Ask a Marketer: Chris Gefvert

We asked Chris Gefvert, Director of Marketing & e-commerce at Allied Wire & Cable a few questions about how Marketing and Sales work together in his organization. Take a read below.

  1. Describe how your customer-facing sales teams use your organization’s marketing.

Our goal in marketing is to make the sales team’s job as simple and easy as possible. Full stop. Informing potential customers about the company before they speak to sales, saves a rep from pitching. Providing content educates them so reps don’t have to answer basic questions. Engaging them enough to raise their hand and request products saves the reps a game of cold phone tag. From the very start of the customer journey, each touch within our marketing operation acts as a force multiplier to sales efficiency.

  1. What is your Management’s approach to aligning sales and marketing?

In the B2B space, the common answer when each is asked about the other is usually “Marketing JUST makes pretty pictures, and Sales are JUST order-takers.” We’ve struggled with the paradigm of this unequal workload and impact perception between sales and marketing, and honestly, the root cause of misalignment is as simple as poor understanding. It’s a fascinating paradox that the two departments of an organization most skilled in communication are the ones at fault here, yet it is almost universal across industries.
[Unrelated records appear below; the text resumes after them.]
(* Let $(S(t),I(t))$ be a solution of the impulsive system $\dot S=S(A-S)-\beta_0 IS$, $\dot I=\beta_0 IS-(\sigma+g)I$ for $t\neq nT$, $S(nT)=(1-p)S(nT^-)$, $I(nT)=I(nT^-)$, with positive initial conditions in $$\mathcal{M}=\left\{(S,I)\in(\mathbb{R}_0^+)^2:\ 0\le S\le A,\ 0\le S+I\le\tfrac{A(\sigma+g+A)}{\sigma+g}\right\}.$$ If $\mathcal{R}_p<1$, then $\lim_{t\to+\infty}I(t)=0$.
   Context: Parameters: $A\in(0,1]$, $\beta_0>0$, $\sigma,g\ge0$ with $\sigma+g>0$, $p\in[0,1)$, $T>0$; it is assumed $S(t)\le A$. $\mathcal{R}_p=\frac{\beta_0}{\sigma+g}\frac1T\int_0^T\mathcal{S}(t)\,dt$, where $\mathcal{S}(t)=\frac{A[e^{AT}(1-p)-1]}{e^{AT}(1-p)-1+pe^{A(T-t)}}$ for $0\le t<T$; equivalently $\mathcal{R}_p=\frac{A\beta_0}{\sigma+g}\left[\frac{\ln(1-p)}{AT}+1\right]$. *)

theory Defs
  imports "HOL-Analysis.Analysis"
begin

text \<open>Periodic solution of the susceptible subsystem (valid on [0,T)).\<close>
definition Sper :: "real \<Rightarrow> real \<Rightarrow> real \<Rightarrow> real \<Rightarrow> real" where
  "Sper A p T t = A * (exp (A*T) * (1 - p) - 1) / (exp (A*T) * (1 - p) - 1 + p * exp (A*(T - t)))"

definition Rp :: "real \<Rightarrow> real \<Rightarrow> real \<Rightarrow> real \<Rightarrow> real \<Rightarrow> real \<Rightarrow> real" where
  "Rp A \<beta>0 \<sigma> g p T = \<beta>0 / (\<sigma> + g) * (1 / T) * integral {0..T} (Sper A p T)"

definition regionM :: "real \<Rightarrow> real \<Rightarrow> real \<Rightarrow> (real \<times> real) set" where
  "regionM A \<sigma> g = {(s, i). 0 \<le> s \<and> 0 \<le> i \<and> s \<le> A \<and> s + i \<le> A * (\<sigma> + g + A) / (\<sigma> + g)}"

definition impulsive_solution ::
  "real \<Rightarrow> real \<Rightarrow> real \<Rightarrow> real \<Rightarrow> real \<Rightarrow> real \<Rightarrow> (real \<Rightarrow> real) \<Rightarrow> (real \<Rightarrow> real) \<Rightarrow> bool" where
  "impulsive_solution A \<beta>0 \<sigma> g p T S I \<longleftrightarrow>
     (\<forall>t>0. (\<forall>n::nat. t \<noteq> real n * T) \<longrightarrow>
        (S has_real_derivative (S t * (A - S t) - \<beta>0 * I t * S t)) (at t) \<and>
        (I has_real_derivative (\<beta>0 * I t * S t - (\<sigma> + g) * I t)) (at t)) \<and>
     (\<forall>n::nat. continuous (at_right (real n * T)) S) \<and>
     continuous (at_right 0) I \<and>
     (\<forall>n::nat. n \<ge> 1 \<longrightarrow>
        (\<exists>L. (S \<longlongrightarrow> L) (at_left (real n * T)) \<and> S (real n * T) = (1 - p) * L) \<and>
        isCont I (real n * T))"

end

theory Submission
  imports Defs
begin
(* Let $\Omega\subseteq\mathbb{R}^n$ be open and convex, let $f:\Omega\to\mathbb{R}$ be convex and differentiable with $\nabla f$ Lipschitz continuous with constant $L$ (extend $f$ by $+\infty$ outside $\Omega$), let $g:\mathbb{R}^n\to\mathbb{R}\cup\{+\infty\}$ be convex with closed sublevel sets, and let $h=f+g$ have compact sublevel sets and $h^\star=\inf_x h(x)<\infty$. Run the oracle-structured minimization method (described in the context) from $x^0\in\Omega$, with parameters satisfying $\mu_{\max}\tau_{\min}>2L/(1-\alpha)$. Then for every $k_0$ there exists $k\ge k_0$ with $t_k=1$; that is, undamped steps occur infinitely often.
   Context: Oracle-structured minimization method (OSMM). Fixed parameters: memory $M\ge1$ (integer), $\alpha,\beta\in(0,1)$, $\tau_{\min}>0$, $0<\mu_{\min}\le\mu_{\max}$, $\gamma_{\rm dec}\in(0,1)$, $\gamma_{\rm inc}>1$, and an initial $\mu_0\in[\mu_{\min},\mu_{\max}]$. There is a constant $C$ and, for each $k$, a symmetric positive semidefinite matrix $H_k$ with $\|H_k\|_2\le C$ (otherwise arbitrary). For $k=0,1,2,\dots$: (1) $l_k(x)=\max_{i=\max\{0,k-M+1\},\dots,k}\big(f(x^i)+\nabla f(x^i)^T(x-x^i)\big)$; $\tau_k=\operatorname{Tr}(H_k)/n$; $\lambda_k=\mu_k(\tau_k+\tau_{\min})$. (2) $x^{k+1/2}=\operatorname*{argmin}_x\big(l_k(x)+g(x)+\tfrac12(x-x^k)^T(H_k+\lambda_kI)(x-x^k)\big)$, $v^k=x^{k+1/2}-x^k$. (3) With $\phi_k(t)=f(x^k+tv^k)+t\,g(x^{k+1/2})+(1-t)g(x^k)$ for $t\in[0,1]$, let $t_k=\beta^j$ where $j$ is the smallest nonnegative integer with $\phi_k(t_k)\le h(x^k)-\frac{\alpha t_k}{2}(v^k)^T(H_k+\lambda_kI)v^k$; set $x^{k+1}=x^k+t_kv^k$. (4) $\mu_{k+1}=\max\{\gamma_{\rm dec}\mu_k,\mu_{\min}\}$ if $t_k=1$, and $\mu_{k+1}=\min\{\gamma_{\rm inc}\mu_k,\mu_{\max}\}$ if $t_k<1$. *)

theory Defs
  imports "HOL-Analysis.Analysis"
begin

definition ereal_convex :: "('a::real_vector \<Rightarrow> ereal) \<Rightarrow> bool" where
  "ereal_convex g \<longleftrightarrow>
     (\<forall>x y. \<forall>t::real. 0 \<le> t \<and> t \<le> 1 \<longrightarrow>
        g ((1 - t) *\<^sub>R x + t *\<^sub>R y) \<le> ereal (1 - t) * g x + ereal t * g y)"

definition ext_inf :: "'a set \<Rightarrow> ('a \<Rightarrow> real) \<Rightarrow> 'a \<Rightarrow> ereal" where
  "ext_inf \<Omega> f x = (if x \<in> \<Omega> then ereal (f x) else \<infinity>)"

definition osmm_l :: "nat \<Rightarrow> ('a::real_inner \<Rightarrow> real) \<Rightarrow> ('a \<Rightarrow> 'a) \<Rightarrow> (nat \<Rightarrow> 'a) \<Rightarrow> nat \<Rightarrow> 'a \<Rightarrow> real" where
  "osmm_l M f gradf xs k x = Max ((\<lambda>i. f (xs i) + gradf (xs i) \<bullet> (x - xs i)) ` {(k + 1) - M .. k})"

definition osmm_tau :: "real^'n^'n \<Rightarrow> real" where
  "osmm_tau H = trace H / real CARD('n)"

definition osmm_quad :: "real^'n^'n \<Rightarrow> real \<Rightarrow> real^'n \<Rightarrow> real" where
  "osmm_quad H lam d = (1/2) * (d \<bullet> ((H + lam *\<^sub>R mat 1) *v d))"

end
We foster the understanding that both marketing and sales play an integral part in the customer journey and they’re part of one larger revenue operations team. Close-ready leads don’t appear out of thin air without marketing and there’s never a single cent of revenue without the sales team. To hammer home this idea of being on the same team, we developed a “RevOps Machine” diagram as a visual storytelling device to help align the teams for each campaign – almost like a technical flowchart of all customer touch points throughout the funnel. Whenever a new idea, campaign, or process improvement is communicated to either team, our Rube-Goldberg-like model is used and tiny customers are processed through each step to show the impact of even the smallest facet can have weight in the overall journey.

  1. How do you reinforce marketing messaging for your sales reps?
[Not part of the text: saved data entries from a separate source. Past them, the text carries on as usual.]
(* Let $P\in\Delta_{\mathcal{T},\mathcal{X},\mathcal{Y}}$ with $H_P(X)>0$ and $H_P(Y)>0$. If under $P$ both $T$ is independent of $X$ and $T$ is independent of $Y$, then $\arg\max_{Q\in\Delta_P}H_Q(T\mid X,Y)$ contains more than one element.
   Context: $T,X,Y$ are random variables with finite state spaces $\mathcal{T},\mathcal{X},\mathcal{Y}$; $\Delta_{\mathcal{T},\mathcal{X},\mathcal{Y}}$ is the set of all joint distributions on $\mathcal{T}\times\mathcal{X}\times\mathcal{Y}$. For $P\in\Delta_{\mathcal{T},\mathcal{X},\mathcal{Y}}$, $\Delta_P=\{Q\in\Delta_{\mathcal{T},\mathcal{X},\mathcal{Y}}: Q(X=x,T=t)=P(X=x,T=t),\ Q(Y=y,T=t)=P(Y=y,T=t)\ \forall x,y,t\}$. $H$ denotes Shannon entropy; $H_Q(T\mid X,Y)$ the conditional entropy under $Q$. *)

theory Defs
  imports Complex_Main
begin

definition is_dist :: "('t::finite \<Rightarrow> 'x::finite \<Rightarrow> 'y::finite \<Rightarrow> real) \<Rightarrow> bool" where
  "is_dist P \<longleftrightarrow> (\<forall>t x y. 0 \<le> P t x y) \<and> (\<Sum>t\<in>UNIV. \<Sum>x\<in>UNIV. \<Sum>y\<in>UNIV. P t x y) = 1"

definition marg_T :: "('t::finite \<Rightarrow> 'x::finite \<Rightarrow> 'y::finite \<Rightarrow> real) \<Rightarrow> 't \<Rightarrow> real" where
  "marg_T P t = (\<Sum>x\<in>UNIV. \<Sum>y\<in>UNIV. P t x y)"

definition marg_X :: "('t::finite \<Rightarrow> 'x::finite \<Rightarrow> 'y::finite \<Rightarrow> real) \<Rightarrow> 'x \<Rightarrow> real" where
  "marg_X P x = (\<Sum>t\<in>UNIV. \<Sum>y\<in>UNIV. P t x y)"

definition marg_Y :: "('t::finite \<Rightarrow> 'x::finite \<Rightarrow> 'y::finite \<Rightarrow> real) \<Rightarrow> 'y \<Rightarrow> real" where
  "marg_Y P y = (\<Sum>t\<in>UNIV. \<Sum>x\<in>UNIV. P t x y)"

definition marg_TX :: "('t::finite \<Rightarrow> 'x::finite \<Rightarrow> 'y::finite \<Rightarrow> real) \<Rightarrow> 't \<Rightarrow> 'x \<Rightarrow> real" where
  "marg_TX P t x = (\<Sum>y\<in>UNIV. P t x y)"

definition marg_TY :: "('t::finite \<Rightarrow> 'x::finite \<Rightarrow> 'y::finite \<Rightarrow> real) \<Rightarrow> 't \<Rightarrow> 'y \<Rightarrow> real" where
  "marg_TY P t y = (\<Sum>x\<in>UNIV. P t x y)"

definition marg_XY :: "('t::finite \<Rightarrow> 'x::finite \<Rightarrow> 'y::finite \<Rightarrow> real) \<Rightarrow> 'x \<Rightarrow> 'y \<Rightarrow> real" where
  "marg_XY P x y = (\<Sum>t\<in>UNIV. P t x y)"

definition entropy :: "('a::finite \<Rightarrow> real) \<Rightarrow> real" where
  "entropy p = - (\<Sum>a\<in>UNIV. if p a = 0 then 0 else p a * log 2 (p a))"

definition cond_entropy_T_XY :: "('t::finite \<Rightarrow> 'x::finite \<Rightarrow> 'y::finite \<Rightarrow> real) \<Rightarrow> real" where
  "cond_entropy_T_XY Q = - (\<Sum>t\<in>UNIV. \<Sum>x\<in>UNIV. \<Sum>y\<in>UNIV.
      if Q t x y = 0 then 0 else Q t x y * log 2 (Q t x y / marg_XY Q x y))"

definition Delta_P :: "('t::finite \<Rightarrow> 'x::finite \<Rightarrow> 'y::finite \<Rightarrow> real) \<Rightarrow> ('t \<Rightarrow> 'x \<Rightarrow> 'y \<Rightarrow> real) set" where
  "Delta_P P = {Q. is_dist Q \<and> (\<forall>t x. marg_TX Q t x = marg_TX P t x) \<and> (\<forall>t y. marg_TY Q t y = marg_TY P t y)}"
It’s an ongoing evolution – a perpetual cycle. Our marketing message is crafted by just listening to salespeople, not just in meetings, but on calls and emails with their customers, even in interactions with other salespeople on the floor. On a given day, our sales team speaks to countless more customers than we do in marketing, so it only makes sense to develop our messaging… well, right from the horse’s mouth. We take common themes, notable trends, and industry lingo and then root them in our brand and promotional messages as solutions to the customers’ current PBOs. It’s not so much us reinforcing marketing messaging for our sales reps, but them reinforcing our marketing messaging.

  1. What advice would you give to other marketing leaders as it relates to sales?

I cannot stress it enough – constant communication and feedback. Ask a sales rep at random “how did our last campaign positively affect you and your customers?” If they don’t give a glowing review, was it successful?

Take a full week and do a “ride-along” with different members of the sales team. Customer service, sales reps, key account executives, sales managers, everyone. Each has unique sales functions, day-to-day issues, even customer types, etc. and they all have a better pulse on YOUR target marketing personas than any focus group or CAB. As a marketer, a single day in the bullpen yields a month’s worth of customer and product knowledge.